The priest increased the pace. "What are you suggesting?"

"Artie may have deliberately taken too much."

"But you can't be sure."

"No."

"Then Michael did the right thing. Why give the insurance company an out not to pay?"

"I'd normally agree, Jimmy, except this time it seemed a bit too obvious."

"How?"

"A bunch of reasons. One, whenever you have any kind of physical stress- and from what Artie's wife said, he'd been suffering unstable angina for days- blood sugar usually rises in a diabetic. For Artie to make himself fall into a hypoglycemic coma, he would have had to do more than skip breakfast after his regular morning insulin. He would have had to have taken more than usual."

"But if his sugars were high, wouldn't an increase be called for?"

"Yeah, but experienced diabetics can tell when they're slipping into a coma.

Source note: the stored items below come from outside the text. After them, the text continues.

(* Let $\mathcal W'_r=\{W\in\mathcal W_r: W=\widehat W\}$ be the collection of primary wiretap sets. Then $\min_{W\in\mathcal W_r}\Omega(W)=\min_{W\in\mathcal W'_r}\Omega(W)$.
   Context: $\mathcal G=(\mathcal V,\mathcal E)$ is a finite directed acyclic graph (multiple edges allowed); $S$ is the set of source nodes (exactly the nodes without input edges), $\rho\notin S$ the sink (no output edges), and every node other than $\rho$ has a directed path to $\rho$. For a node $\sigma$ and edge $e$, $\sigma\to e$ means there is a directed path from $\sigma$ whose last edge is $e$. For $C\subseteq\mathcal E$: $D_C=\{\sigma\in S:\exists e\in C,\ \sigma\to e\}$, $I_C=\{\sigma\in S:$ no path from $\sigma$ to $\rho$ after deleting $C\}$; $\Lambda(\mathcal N)=\{C\subseteq\mathcal E:I_C\neq\emptyset\}$. $\mathcal W_r=\{W\subseteq\mathcal E:|W|\le r\}$ for a nonnegative integer $r$. For $W\subseteq\mathcal E$, $\Omega(W)=\min\{|C|-|W|: C\in\Lambda(\mathcal N),\ W\subseteq C,\ D_W\subseteq I_C\}$. Cuts separating edge sets: for a node set $U$ and edge set $W$, subdivide each $e\in W$ by a new node $v_e$ splitting $e$ into $e^1$ (from $\mathrm{tail}(e)$ to $v_e$) and $e^2$ (from $v_e$ to $\mathrm{head}(e)$); a cut separating $W$ from $U$ is an edge set obtained from an edge set of the subdivided graph whose deletion leaves no path from $U$ to any $v_e$, after replacing each $e^1$ or $e^2$ by $e$. A minimum cut is one of minimum size. A minimum cut separating $W$ from $U$ is primary if it separates from $U$ every minimum cut separating $W$ from $U$; it exists and is unique. $\widehat W$ denotes the primary minimum cut separating $W$ from $D_W$; $W$ is called primary if $W=\widehat W$. *)

theory Defs
  imports Main
begin

text \<open>A finite directed multigraph: node set V, edge set E (edges of an abstract
type 'e, allowing parallel edges), with tail and head maps tail, head.\<close>

definition arcs :: "('e \<Rightarrow> 'v) \<Rightarrow> ('e \<Rightarrow> 'v) \<Rightarrow> 'e set \<Rightarrow> ('v \<times> 'v) set" where
  "arcs tail head F = {(tail e, head e) | e. e \<in> F}"

definition reach :: "('e \<Rightarrow> 'v) \<Rightarrow> ('e \<Rightarrow> 'v) \<Rightarrow> 'e set \<Rightarrow> 'v \<Rightarrow> 'v \<Rightarrow> bool" where
  "reach tail head F u v \<longleftrightarrow> (u, v) \<in> (arcs tail head F)\<^sup>*"

definition sources :: "'v set \<Rightarrow> 'e set \<Rightarrow> ('e \<Rightarrow> 'v) \<Rightarrow> ('e \<Rightarrow> 'v) \<Rightarrow> 'v set" where
  "sources V E tail head = {v \<in> V. \<not> (\<exists>e\<in>E. head e = v)}"

definition network :: "'v set \<Rightarrow> 'e set \<Rightarrow> ('e \<Rightarrow> 'v) \<Rightarrow> ('e \<Rightarrow> 'v) \<Rightarrow> 'v \<Rightarrow> bool" where
  "network V E tail head \<rho> \<longleftrightarrow>
     finite V \<and> finite E \<and> (\<forall>e\<in>E. tail e \<in> V \<and> head e \<in> V) \<and>
     acyclic (arcs tail head E) \<and>
     \<rho> \<in> V \<and> \<rho> \<notin> sources V E tail head \<and> (\<forall>e\<in>E. tail e \<noteq> \<rho>) \<and>
     (\<forall>v\<in>V. v \<noteq> \<rho> \<longrightarrow> reach tail head E v \<rho>)"
lemma cone_path_adj_neighbours_subset:
  assumes "\<And>u v. E u v \<Longrightarrow> u < n \<and> v < n"
  shows "{v. cone_path_adj E n u v} \<subseteq> (if u \<le> n then {..Suc n} else {u - 1, Suc u})"
  by (auto simp: cone_path_adj_def dest: assms)

lemma finite_cone_path_adj_neighbours:
  "(\<And>u v. E u v \<Longrightarrow> u < n \<and> v < n) \<Longrightarrow> finite {v. cone_path_adj E n u v}"
  by (rule finite_subset[OF cone_path_adj_neighbours_subset]) auto

lemma card_cone_path_adj_neighbours_le:
  assumes "\<And>u v. E u v \<Longrightarrow> u < n \<and> v < n"
  shows "card {v. cone_path_adj E n u v} \<le> n + 2"
proof -
  have "card {v. cone_path_adj E n u v} \<le> card (if u \<le> n then {..Suc n} else {u - 1, Suc u})"
    by (rule card_mono[OF _ cone_path_adj_neighbours_subset[OF assms]]) auto
  also have "\<dots> \<le> n + 2"
    by (auto simp: card_insert_if)
  finally show ?thesis .
qed

lemma ham_hermitian:
  assumes E_less: "\<And>u v. E u v \<Longrightarrow> u < n \<and> v < n" and E_sym: "\<And>u v. E u v \<Longrightarrow> E v u"
    and f: "\<And>u. L \<le> u \<Longrightarrow> f u = 0" and g: "\<And>u. L \<le> u \<Longrightarrow> g u = 0"
  shows "(\<Sum>u<L. cnj (ham E n \<gamma> w f u) * g u) = (\<Sum>u<L. cnj (f u) * ham E n \<gamma> w g u)"
proof -
  let ?A = "cone_path_adj E n"
  have "?A u v \<Longrightarrow> ?A v u" for u v
    using E_sym by (auto simp: cone_path_adj_def)
  then have "(\<Sum>u<L. cnj (adj_op ?A f u) * g u) = (\<Sum>u<L. cnj (f u) * adj_op ?A g u)"
    by (rule adj_op_hermitian[OF _ finite_cone_path_adj_neighbours[OF E_less] f g])
  moreover have "(\<Sum>u<L. cnj (ham E n \<gamma> w f u) * g u)
      = (\<Sum>u<L. cnj (adj_op ?A f u) * g u) + \<gamma> * (\<Sum>u<L. cnj (proj w f u) * g u)"
    by (simp add: ham_def sum.distrib sum_distrib_left distrib_right mult.assoc)
  moreover have "(\<Sum>u<L. cnj (f u) * ham E n \<gamma> w g u)
      = (\<Sum>u<L. cnj (f u) * adj_op ?A g u) + \<gamma> * (\<Sum>u<L. cnj (f u) * proj w g u)"
    by (simp add: ham_def sum.distrib sum_distrib_left distrib_left mult.left_commute)
  ultimately show ?thesis
    by (simp add: proj_hermitian)
qed

lemma hermitian_local_operator_ham:
  assumes E_less: "\<And>u v. E u v \<Longrightarrow> u < n \<and> v < n" and E_sym: "\<And>u v. E u v \<Longrightarrow> E v u"
    and w: "w < n"
  shows "hermitian_local_operator (ham E n \<gamma> w) (Suc n) (real n + 2 + \<bar>\<gamma>\<bar>)"
proof
  let ?A = "cone_path_adj E n"
  fix f g :: "nat \<Rightarrow> complex"
  show "ham E n \<gamma> w (\<lambda>u. a * f u + g u) = (\<lambda>u. a * ham E n \<gamma> w f u + ham E n \<gamma> w g u)" for a
    by (simp add: fun_eq_iff ham_eq adj_op_def sum.distrib sum_distrib_left algebra_simps)
  show "norm (ham E n \<gamma> w f u) \<le> (real n + 2 + \<bar>\<gamma>\<bar>) * X" if f: "\<And>v. norm (f v) \<le> X" for X u
  proof -
    have X: "0 \<le> X" using norm_ge_zero f order_trans by blast
    have "norm (adj_op ?A f u) \<le> real (card {v. ?A u v}) * X"
      unfolding adj_op_def using sum_norm_le[of _ f "\<lambda>_. X"] f by simp
    also have "\<dots> \<le> (real n + 2) * X"
      using card_cone_path_adj_neighbours_le[of E n u, OF E_less] X by (intro mult_right_mono) auto
    moreover have "norm (ham E n \<gamma> w f u) \<le> norm (adj_op ?A f u) + \<bar>\<gamma>\<bar> * X"
      unfolding ham_eq using X f[of w]
      by (intro order.trans[OF norm_triangle_ineq]) (auto simp: norm_mult intro!: mult_left_mono)
    ultimately show ?thesis by (simp add: algebra_simps)
  qed
  show "ham E n \<gamma> w f u = 0" if "Suc n \<le> M" "\<And>u. M \<le> u \<Longrightarrow> f u = 0" "Suc M \<le> u" for M u
  proof -
    have "{v. ?A u v} \<subseteq> {u - 1, Suc u}"
      using cone_path_adj_neighbours_subset[OF E_less, where u = u] that by auto
    then show ?thesis
      using that w by (auto simp: ham_eq adj_op_def intro!: sum.neutral)
  qed
  show "(\<Sum>u<L. cnj (ham E n \<gamma> w f u) * g u) = (\<Sum>u<L. cnj (f u) * ham E n \<gamma> w g u)"
    if "\<And>u. L \<le> u \<Longrightarrow> f u = 0" "\<And>u. L \<le> u \<Longrightarrow> g u = 0" for L
    by (rule ham_hermitian[OF E_less E_sym that])
qed simp

locale cone_over_regular_graph =
  fixes E :: "nat \<Rightarrow> nat \<Rightarrow> bool" and n d :: nat and \<gamma> :: real and w :: nat
  assumes regular: "regular_graph n d E" and w_less: "w < n"
begin

abbreviation "A \<equiv> cone_path_adj E n"
abbreviation "Hw \<equiv> ham E n \<gamma> w"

I just don't see Artie ignoring the symptoms of hypoglycemia."

"And you would have put that down on paper?"

The path tilted upward into an all-encompassing gloom, the momentary hint that the fog would disperse anytime soon vanishing like a false promise. "Probably not. But I wouldn't have gone so much out of my way to make it seem I'd never even thought of it. No physician worth his salt could look at Artie's file and claim that. Not that I would have spelled out my suspicions either, but there are ways to state them subtly. For instance, Michael could have noted that on questioning, the patient 'claimed' to have taken only the regular dose. Then it's the adjuster's problem to put two and two together, or not."